PORT OF NEWCASTLE (EXTINGUISHMENT OF LIABILITY) BILL 2022
While the Port of Newcastle (Extinguishment of Liability) Bill 2022 was introduced in the Legislative Assembly as a private members’ bill, the Government took carriage of the bill in the Council. It was introduced by Parliamentary Secretary Sam Farraway on behalf of Minister Damien Tudehope.
The bill establishes a way for the operator of the Port of Newcastle to extinguish its liability to compensate Port Botany and Port Kembla if Port of Newcastle container traffic exceeds a pre-determined cap, which is equivalent to the wharfage fee these other port operators would receive if they handled the containers. This compensation scheme was introduced as part of a deed agreed to during negotiations with respect to the privatisation of Port Botany and Port Kembla in 2013.

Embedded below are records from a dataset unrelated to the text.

lemma assoc_lhs_closed: "u \<in> carrier V \<Longrightarrow> v \<in> carrier V \<Longrightarrow> w \<in> carrier V \<Longrightarrow> assoc_lhs V Y l u v w a b \<in> carrier V"
  unfolding assoc_lhs_def by (intro V.finsum_closed) (auto simp: Pi_def Y_closed)

lemma assoc_rhs_closed: "u \<in> carrier V \<Longrightarrow> v \<in> carrier V \<Longrightarrow> w \<in> carrier V \<Longrightarrow> assoc_rhs V Y l u v w a b \<in> carrier V"
  unfolding assoc_rhs_def by (intro V.finsum_closed) (auto simp: Pi_def Y_closed)

lemma reesY_modes_vanish:
  assumes v: "v \<in> rees" and w: "w \<in> rees"
  obtains N where "\<And>n p j. n \<in> supp v \<Longrightarrow> N \<le> j \<Longrightarrow> Y (v n) (int j - b - 1) (w p) = \<zero>\<^bsub>V\<^esub>"
proof -
  have fin: "finite (supp v \<times> supp w)" using rees_finite_supp v w by simp
  obtain T where T: "\<forall>s\<in>supp v \<times> supp w. \<forall>k\<ge>T. Y (v (fst s)) k (w (snd s)) = \<zero>\<^bsub>V\<^esub>"
    using finite_uniform_threshold[OF fin, of "\<lambda>s k. Y (v (fst s)) k (w (snd s)) = \<zero>\<^bsub>V\<^esub>"]
      nva_truncation[OF nva] v w rees_component_carrier by blast
  show thesis
  proof (rule that[of "nat (T + b + 1)"])
    fix n p j assume n: "n \<in> supp v" and j: "nat (T + b + 1) \<le> j"
    show "Y (v n) (int j - b - 1) (w p) = \<zero>\<^bsub>V\<^esub>"
    proof (cases "p \<in> supp w")
      case True
      have "int j - b - 1 \<ge> T" using j by linarith
      with T True n show ?thesis by force
    next
      case False
      then show ?thesis using Y_zero_right v rees_component_carrier by (simp add: supp_iff)
    qed
  qed
qed

lemma reesY_nested_right:
  assumes u: "u \<in> rees" and v: "v \<in> rees" and w: "w \<in> rees"
  shows "reesY u k1 (reesY v k2 w) D =
    (\<Oplus>\<^bsub>V\<^esub>m\<in>supp u. \<Oplus>\<^bsub>V\<^esub>n\<in>supp v. Y (u m) k1 (Y (v n) k2 (w (D - m - n + k1 + k2 + 2))))"
  unfolding reesY_def[of u]
proof (rule V.finsum_cong')
  fix m assume "m \<in> supp u"
  have "reesY v k2 w (D - m + k1 + 1) = (\<Oplus>\<^bsub>V\<^esub>n\<in>supp v. Y (v n) k2 (w (D - m - n + k1 + k2 + 2)))"
    unfolding reesY_def
    by (intro V.finsum_cong') (use v w rees_component_carrier Y_closed in \<open>auto simp: Pi_def algebra_simps\<close>)
  then show "Y (u m) k1 (reesY v k2 w (D - m + k1 + 1)) =
      (\<Oplus>\<^bsub>V\<^esub>n\<in>supp v. Y (u m) k1 (Y (v n) k2 (w (D - m - n + k1 + k2 + 2))))"
    using Y_finsum_right[OF rees_finite_supp[OF v]] u v w rees_component_carrier Y_closed by simp
qed (use u v w rees_component_carrier Y_closed in \<open>auto intro!: V.finsum_closed simp: Pi_def\<close>)

lemma Rees_assoc_lhs_component:
  assumes u: "u \<in> rees" and v: "v \<in> rees" and w: "w \<in> rees"
  shows "assoc_lhs Rees reesY L u v w a b D =
    (\<Oplus>\<^bsub>V\<^esub>m\<in>supp u. \<Oplus>\<^bsub>V\<^esub>n\<in>supp v. assoc_lhs V Y L (u m) (v n) (w (D - m - n + int L - a - b)) a b)"
proof -
  let ?Su = "supp u" and ?Sv = "supp v"
  have fin: "finite ?Su" "finite ?Sv" using rees_finite_supp u v by auto
  define c where "c j = (of_int (a + int j) :: complex) gchoose j" for j :: nat
  define P where "P m n = D - m - n + int L - a - b" for m n
  define t where "t j m n = c j \<odot>\<^bsub>V\<^esub> Y (u m) (int L - 1 - int j - a) (Y (v n) (int j - b - 1) (w (P m n)))"
    for j m n
  have t_closed: "t j m n \<in> carrier V" for j m n unfolding t_def using u v w rees_component_carrier Y_closed by simp
  obtain N where N: "\<And>n p j. n \<in> ?Sv \<Longrightarrow> N \<le> j \<Longrightarrow> Y (v n) (int j - b - 1) (w p) = \<zero>\<^bsub>V\<^esub>"
    using reesY_modes_vanish[OF v w] by blast
  have "{j. reesY v (int j - b - 1) w \<noteq> \<zero>\<^bsub>Rees\<^esub>} \<subseteq> {..<N}"
    using N unfolding reesY_def by (auto intro!: ext V.add.finprod_one_eqI simp: not_less[symmetric])
  then have "assoc_lhs Rees reesY L u v w a b =
      (\<Oplus>\<^bsub>Rees\<^esub>j\<in>{..<N}. c j \<odot>\<^bsub>Rees\<^esub> reesY u (int L - 1 - int j - a) (reesY v (int j - b - 1) w))"
    unfolding c_def using u v w reesY_closed reesY_zero_right
    by (intro assoc_lhs_eq_finsum[OF Rees_module]) auto
  then have "assoc_lhs Rees reesY L u v w a b D =
      (\<Oplus>\<^bsub>V\<^esub>j\<in>{..<N}. c j \<odot>\<^bsub>V\<^esub> reesY u (int L - 1 - int j - a) (reesY v (int j - b - 1) w) D)"
    using u v w reesY_closed rees_smult by (simp add: Rees_finsum)
  also have "\<dots> = (\<Oplus>\<^bsub>V\<^esub>j\<in>{..<N}. \<Oplus>\<^bsub>V\<^esub>m\<in>?Su. \<Oplus>\<^bsub>V\<^esub>n\<in>?Sv. t j m n)"
    unfolding reesY_nested_right[OF u v w] t_def P_def
    using fin u v w rees_component_carrier Y_closed
    by (intro V.finsum_cong') (auto simp: V.finsum_smult_ldistr V.finsum_closed Pi_def algebra_simps)
  also have "\<dots> = (\<Oplus>\<^bsub>V\<^esub>m\<in>?Su. \<Oplus>\<^bsub>V\<^esub>n\<in>?Sv. \<Oplus>\<^bsub>V\<^esub>j\<in>{..<N}. t j m n)"
    using fin t_closed
    by (subst V.finsum_swap) (auto intro!: V.finsum_cong' V.finsum_swap V.finsum_closed simp: Pi_def)
  also have "\<dots> = (\<Oplus>\<^bsub>V\<^esub>m\<in>?Su. \<Oplus>\<^bsub>V\<^esub>n\<in>?Sv. assoc_lhs V Y L (u m) (v n) (w (P m n)) a b)"
  proof (intro V.finsum_cong' refl)
    fix m n assume "n \<in> ?Sv"
    then have "{j. Y (v n) (int j - b - 1) (w (P m n)) \<noteq> \<zero>\<^bsub>V\<^esub>} \<subseteq> {..<N}"
      using N by (auto simp: not_less[symmetric])
    then show "(\<Oplus>\<^bsub>V\<^esub>j\<in>{..<N}. t j m n) = assoc_lhs V Y L (u m) (v n) (w (P m n)) a b"
      unfolding t_def c_def using u v w rees_component_carrier Y_zero_right Y_closed
      by (intro assoc_lhs_eq_finsum[OF V.module_axioms, symmetric]) auto
  qed (use u v w rees_component_carrier assoc_lhs_closed in \<open>auto intro!: V.finsum_closed simp: Pi_def\<close>)
  finally show ?thesis unfolding P_def .
qed

lemma reesY_nested_left:
  assumes u: "u \<in> rees" and v: "v \<in> rees" and w: "w \<in> rees"
  shows "reesY (reesY u k1 v) k2 w D =
    finsum V (\<lambda>m. finsum V (\<lambda>n. Y (Y (u m) k1 (v n)) k2 (w (D - m - n + k1 + k2 + 2))) (supp v)) (supp u)"
proof -
  let ?Su = "supp u" and ?Sv = "supp v"
  have fSu: "finite ?Su" and fSv: "finite ?Sv" using rees_finite_supp u v by auto
  define E where "E = (\<lambda>(m,n). m + n - k1 - 1) ` (?Su \<times> ?Sv)"
  have fE: "finite E" unfolding E_def using fSu fSv by simp
  have sE: "supp (reesY u k1 v) \<subseteq> E" unfolding E_def by (rule supp_reesY[OF u v])
  define h where "h = (\<lambda>m e. Y (Y (u m) k1 (v (e - m + k1 + 1))) k2 (w (D - e + k2 + 1)))"
  have hc: "h m e \<in> carrier V" for m e unfolding h_def using u v w rees_component_carrier Y_closed by simp
  have "reesY (reesY u k1 v) k2 w D = finsum V (\<lambda>e. Y (reesY u k1 v e) k2 (w (D - e + k2 + 1))) E"
    by (rule reesY_superset[OF reesY_closed[OF u v] w fE sE])
  also have "\<dots> = finsum V (\<lambda>e. finsum V (\<lambda>m. h m e) ?Su) E"
  proof (rule V.finsum_cong')
    fix e
    show "Y (reesY u k1 v e) k2 (w (D - e + k2 + 1)) = finsum V (\<lambda>m. h m e) ?Su"
      unfolding reesY_def h_def using Y_finsum_left[OF fSu] u v w rees_component_carrier Y_closed by simp
  qed (use hc fSu in \<open>auto intro!: V.finsum_closed simp: Pi_def\<close>)
  also have "\<dots> = finsum V (\<lambda>m. finsum V (\<lambda>e. h m e) E) ?Su"
    by (rule V.finsum_swap) (use fSu fE hc in auto)
  also have "\<dots> = finsum V (\<lambda>m. finsum V (\<lambda>n. Y (Y (u m) k1 (v n)) k2 (w (D - m - n + k1 + k2 + 2))) ?Sv) ?Su"
  proof (rule V.finsum_cong')
    fix m assume m: "m \<in> ?Su"
    have "(\<Oplus>\<^bsub>V\<^esub>e\<in>E. h m e) = (\<Oplus>\<^bsub>V\<^esub>n\<in>?Sv. h m (n + (m - k1 - 1)))"
    proof (rule V.finsum_shift_reindex[OF fE])
      show "(\<lambda>n. n + (m - k1 - 1)) ` ?Sv \<subseteq> E"
      proof
        fix e assume "e \<in> (\<lambda>n. n + (m - k1 - 1)) ` ?Sv"
        then obtain n where "n \<in> ?Sv" "e = n + (m - k1 - 1)" by blast
        then show "e \<in> E" unfolding E_def using m by (auto intro!: image_eqI[of _ _ "(m, n)"])
      qed
      fix e assume "e - (m - k1 - 1) \<notin> ?Sv"
      then have "v (e - m + k1 + 1) = \<zero>\<^bsub>V\<^esub>" by (simp add: supp_iff algebra_simps)
      then show "h m e = \<zero>\<^bsub>V\<^esub>" unfolding h_def using Y_zero_right Y_zero_left u w rees_component_carrier by simp
    qed (use hc in auto)
    also have "\<dots> = (\<Oplus>\<^bsub>V\<^esub>n\<in>?Sv. Y (Y (u m) k1 (v n)) k2 (w (D - m - n + k1 + k2 + 2)))"
      unfolding h_def
      by (intro V.finsum_cong') (use u v w rees_component_carrier Y_closed in \<open>auto simp: Pi_def algebra_simps\<close>)
    finally show "(\<Oplus>\<^bsub>V\<^esub>e\<in>E. h m e) = (\<Oplus>\<^bsub>V\<^esub>n\<in>?Sv. Y (Y (u m) k1 (v n)) k2 (w (D - m - n + k1 + k2 + 2)))" .
  qed (use fSv u v w rees_component_carrier Y_closed in \<open>auto intro!: V.finsum_closed simp: Pi_def\<close>)
  finally show ?thesis .
qed

lemma Rees_assoc_rhs_component:
  assumes u: "u \<in> rees" and v: "v \<in> rees" and w: "w \<in> rees"
  shows "assoc_rhs Rees reesY L u v w a b D =
    (\<Oplus>\<^bsub>V\<^esub>m\<in>supp u. \<Oplus>\<^bsub>V\<^esub>n\<in>supp v. assoc_rhs V Y L (u m) (v n) (w (D - m - n + int L - a - b)) a b)"
proof -
  let ?Su = "supp u" and ?Sv = "supp v"
  have fin: "finite ?Su" "finite ?Sv" using rees_finite_supp u v by auto
  define P where "P m n = D - m - n + int L - a - b" for m n
  define t where "t i m n = (of_nat (L choose i) :: complex) \<odot>\<^bsub>V\<^esub>
    Y (Y (u m) (int L - int i - 1 - a) (v n)) (int i - b - 1) (w (P m n))" for i m n
  have t_closed: "t i m n \<in> carrier V" for i m n unfolding t_def using u v w rees_component_carrier Y_closed by simp
  have "assoc_rhs Rees reesY L u v w a b D = (\<Oplus>\<^bsub>V\<^esub>i\<in>{0..L}. (of_nat (L choose i) :: complex) \<odot>\<^bsub>V\<^esub>
      reesY (reesY u (int L - int i - 1 - a) v) (int i - b - 1) w D)"
    unfolding assoc_rhs_def using u v w reesY_closed rees_smult by (simp add: Rees_finsum)
  also have "\<dots> = (\<Oplus>\<^bsub>V\<^esub>i\<in>{0..L}. \<Oplus>\<^bsub>V\<^esub>m\<in>?Su. \<Oplus>\<^bsub>V\<^esub>n\<in>?Sv. t i m n)"
    unfolding reesY_nested_left[OF u v w] t_def P_def
    using fin u v w rees_component_carrier Y_closed
    by (intro V.finsum_cong') (auto simp: V.finsum_smult_ldistr V.finsum_closed Pi_def algebra_simps)
  also have "\<dots> = (\<Oplus>\<^bsub>V\<^esub>m\<in>?Su. \<Oplus>\<^bsub>V\<^esub>n\<in>?Sv. \<Oplus>\<^bsub>V\<^esub>i\<in>{0..L}. t i m n)"
    using fin t_closed
    by (subst V.finsum_swap) (auto intro!: V.finsum_cong' V.finsum_swap V.finsum_closed simp: Pi_def)
  finally show ?thesis unfolding t_def P_def assoc_rhs_def .
qed

lemma Rees_assoc:
  assumes u: "u \<in> rees" and v: "v \<in> rees" and w: "w \<in> rees"
    and assoc_V: "\<And>m n p. m \<in> supp u \<Longrightarrow> n \<in> supp v \<Longrightarrow>
      assoc_lhs V Y L (u m) (v n) (w p) a b = assoc_rhs V Y L (u m) (v n) (w p) a b"
  shows "assoc_lhs Rees reesY L u v w a b = assoc_rhs Rees reesY L u v w a b"
proof
  fix D
  show "assoc_lhs Rees reesY L u v w a b D = assoc_rhs Rees reesY L u v w a b D"
    unfolding Rees_assoc_lhs_component[OF u v w] Rees_assoc_rhs_component[OF u v w]
    using assoc_V u v w rees_component_carrier assoc_lhs_closed assoc_rhs_closed
    by (intro V.finsum_cong' refl) (auto intro!: V.finsum_closed simp: Pi_def)
qed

After the second reading was agreed to on the voices, the House resolved into committee of the whole. In committee…
- The Hon Daniel Mookhey moved two amendments on behalf of the Opposition – one negatived on the voices and one negatived on division (14 ayes, 16 noes)

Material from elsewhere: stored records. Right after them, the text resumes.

theorem sum_T_chi_eq_0:
  assumes "c ^ Q \<noteq> c"
  shows "(\<Sum>x\<in>T. chi (c * x ^ (1 + 2 * Q + Q ^ 2))) = 0"
proof -
  define w where "w x = c * x ^ (1 + 2 * Q + Q ^ 2)" for x
  define S where "S = (\<Sum>x\<in>T. chi (w x))"
  define d where "d = (c ^ Q) ^ Q"
  have "d ^ Q \<noteq> d"
    using assms unfolding d_def by (metis frobenius_cube)
  have "(\<Sum>l\<in>K - {0}. S) = (\<Sum>l\<in>K - {0}. \<Sum>x\<in>T. chi (l ^ 4 * w x))"
  proof (rule sum.cong[OF refl])
    fix l
    assume l: "l \<in> K - {0}"
    then have "w (l * x) = l ^ 4 * w x" for x
      unfolding w_def using power_exponent_K[of l] by (simp add: power_mult_distrib)
    then show "S = (\<Sum>x\<in>T. chi (l ^ 4 * w x))"
      unfolding S_def using sum_T_mult_K[of l "\<lambda>x. chi (w x)"] l by simp
  qed
  also have "\<dots> = (\<Sum>x\<in>T. \<Sum>l\<in>K - {0}. chi (l ^ 4 * w x))"
    by (rule sum.swap)
  also have "\<dots> = (\<Sum>x\<in>T. (if tr (d * x) = 0 then int Q else 0) - 1)"
    unfolding sum_K_nonzero_chi_power4_mult w_def d_def tr_mult_power_exponent_unfold_0_iff ..
  also have "\<dots> = int Q * int (card {x \<in> T. tr (d * x) = 0}) - int (card T)"
    by (simp add: sum_subtractf sum.inter_filter[symmetric])
  also have "\<dots> = 0"
    using card_dual_kernel[OF \<open>d ^ Q \<noteq> d\<close>] card_T by (simp add: power2_eq_square)
  finally have "int (card (K - {0})) * S = 0"
    by simp
  then show ?thesis
    using card_K Q_ge_2 zero_in_K by (simp add: S_def w_def)
qed

end

theorem mainTheorem6:
  fixes c :: "'a::{finite,field}" and q m k :: nat
  assumes "q = 2 ^ m" and "m \<ge> 1" and "k \<ge> 1"
    and "card (UNIV :: 'a set) = q ^ (3 * k)"
    and "c ^ (q ^ k) \<noteq> c"
  shows "(\<Sum>x\<in>{x::'a. rel_trace q k x = 0}.
            add_char (abs_trace (3 * k * m) (c * x ^ (1 + 2 * q ^ k + q ^ (2 * k))))) = 0"
proof -
  have q_k: "q ^ k = 2 ^ (k * m)"
    using assms(1) by (simp add: power_mult[symmetric] mult.commute)
  have card: "card (UNIV :: 'a set) = (q ^ k) ^ 3"
    using assms(4) by (simp add: power_mult[symmetric] mult.commute)
  interpret char2_cubic_extension "q ^ k" "k * m" "TYPE('a)"
    by unfold_locales (use assms(2,3) q_k card in auto)
  have q_2k: "q ^ (2 * k) = q ^ k * q ^ k"
    by (simp add: mult_2 power_add)
  have "{x::'a. rel_trace q k x = 0} = T"
    unfolding T_def tr_def rel_trace_def q_2k by (simp add: power_mult)
  then show ?thesis
    using sum_T_chi_eq_0[OF assms(5)] unfolding chi_def q_2k by (simp add: power2_eq_square mult.assoc)
qed

end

- Ms Abigail Boyd (The Greens) moved three amendments to the Opposition’s first amendment, which were negatived on the voices.
With no amendments made, the bill was then read a third time before being sent back to the Legislative Assembly, ready for assent by the Governor.
CRIMES LEGISLATION AMENDMENT (COERCIVE CONTROL) BILL 2022
The Crimes Legislation Amendment (Coercive Control) Bill 2022 was introduced in the Council by Minister Natalie Ward. The subject of a recent inquiry by the Council’s Social Issues Committee, the bill would create a standalone criminal offence of ‘coercive control’ under the Crimes Act 1900. Coercive control is a form of domestic abuse involving behaviours that intimidate, isolate and control. It can take many forms, from controlling finances to preventing a person from making or keeping connections with family, friends and culture. The bill would make it an offence to engage in repeated or continuous behaviour of this nature, and make related amendments to the Crimes (Domestic and Personal Violence) Act 2007, Crimes (Sentencing Procedure) Act 1999 and Criminal Procedure Act 1986 to, among other things, facilitate the prosecution of such offences.
Full details of the bill can be found in the Minister’s second reading speech, which appears in Hansard together with members’ contributions to the second reading debate. The debate was interrupted by the night’s hard adjournment at 10pm. With amendments from The Greens flagged during debate, look for more during the House’s next sitting week.